Goal of the exercise:
Your task is to copy every line of the entries that holds the word "open".

START Provided data

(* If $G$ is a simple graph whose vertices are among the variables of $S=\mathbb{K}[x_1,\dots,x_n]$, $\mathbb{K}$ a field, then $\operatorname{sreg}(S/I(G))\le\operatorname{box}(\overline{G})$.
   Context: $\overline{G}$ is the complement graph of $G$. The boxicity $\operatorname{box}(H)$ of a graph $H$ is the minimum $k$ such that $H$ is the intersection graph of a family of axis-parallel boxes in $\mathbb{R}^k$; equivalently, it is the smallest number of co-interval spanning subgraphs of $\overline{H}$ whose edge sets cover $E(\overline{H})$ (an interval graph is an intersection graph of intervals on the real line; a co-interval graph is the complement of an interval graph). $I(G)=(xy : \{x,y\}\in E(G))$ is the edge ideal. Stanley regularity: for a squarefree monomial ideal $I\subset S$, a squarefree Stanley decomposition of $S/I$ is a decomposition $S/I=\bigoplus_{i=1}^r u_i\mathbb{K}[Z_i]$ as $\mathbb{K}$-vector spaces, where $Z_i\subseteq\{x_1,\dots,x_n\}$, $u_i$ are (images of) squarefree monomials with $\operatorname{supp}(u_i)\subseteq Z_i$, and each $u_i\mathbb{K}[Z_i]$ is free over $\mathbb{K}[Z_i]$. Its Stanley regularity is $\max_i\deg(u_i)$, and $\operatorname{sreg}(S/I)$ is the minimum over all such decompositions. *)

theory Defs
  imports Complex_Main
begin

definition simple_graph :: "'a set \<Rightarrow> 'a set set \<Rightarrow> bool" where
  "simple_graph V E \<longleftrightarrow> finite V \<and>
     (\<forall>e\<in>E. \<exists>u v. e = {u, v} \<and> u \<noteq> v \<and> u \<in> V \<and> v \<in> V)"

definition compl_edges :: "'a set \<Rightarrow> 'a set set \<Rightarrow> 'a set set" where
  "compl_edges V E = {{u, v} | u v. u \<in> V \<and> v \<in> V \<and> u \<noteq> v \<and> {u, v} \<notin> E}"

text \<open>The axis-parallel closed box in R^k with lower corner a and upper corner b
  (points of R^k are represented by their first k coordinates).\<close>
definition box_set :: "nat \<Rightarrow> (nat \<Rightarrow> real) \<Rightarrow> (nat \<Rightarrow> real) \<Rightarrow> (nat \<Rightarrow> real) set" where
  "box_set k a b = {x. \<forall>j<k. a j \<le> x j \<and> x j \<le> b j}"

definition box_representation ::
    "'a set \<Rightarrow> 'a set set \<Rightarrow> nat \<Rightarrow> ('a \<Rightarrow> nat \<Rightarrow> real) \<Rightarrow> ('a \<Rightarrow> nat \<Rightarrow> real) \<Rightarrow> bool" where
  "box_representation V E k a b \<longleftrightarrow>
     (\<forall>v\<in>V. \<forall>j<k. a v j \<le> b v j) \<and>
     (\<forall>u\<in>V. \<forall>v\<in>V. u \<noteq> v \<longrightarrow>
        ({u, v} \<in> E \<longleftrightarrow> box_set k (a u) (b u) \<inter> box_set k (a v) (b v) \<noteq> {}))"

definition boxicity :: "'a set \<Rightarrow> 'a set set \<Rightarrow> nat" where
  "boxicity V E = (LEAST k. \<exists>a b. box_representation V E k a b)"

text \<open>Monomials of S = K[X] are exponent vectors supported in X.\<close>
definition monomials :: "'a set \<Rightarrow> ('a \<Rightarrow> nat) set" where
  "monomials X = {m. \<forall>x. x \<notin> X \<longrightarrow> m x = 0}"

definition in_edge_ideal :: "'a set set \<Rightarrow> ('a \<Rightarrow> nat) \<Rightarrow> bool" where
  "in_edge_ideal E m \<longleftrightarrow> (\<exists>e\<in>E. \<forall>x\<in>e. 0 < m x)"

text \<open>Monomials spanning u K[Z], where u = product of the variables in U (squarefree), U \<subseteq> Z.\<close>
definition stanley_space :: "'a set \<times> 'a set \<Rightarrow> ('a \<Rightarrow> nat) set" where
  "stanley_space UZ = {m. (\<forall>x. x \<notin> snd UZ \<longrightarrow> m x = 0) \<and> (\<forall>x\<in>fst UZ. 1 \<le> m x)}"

END Provided data

Answer section:
text \<open>The axis-parallel closed box in R^k with lower corner a and upper corner b
text \<open>Monomials of S = K[X] are exponent vectors supported in X.\<close>
text \<open>Monomials spanning u K[Z], where u = product of the variables in U (squarefree), U \<subseteq> Z.\<close>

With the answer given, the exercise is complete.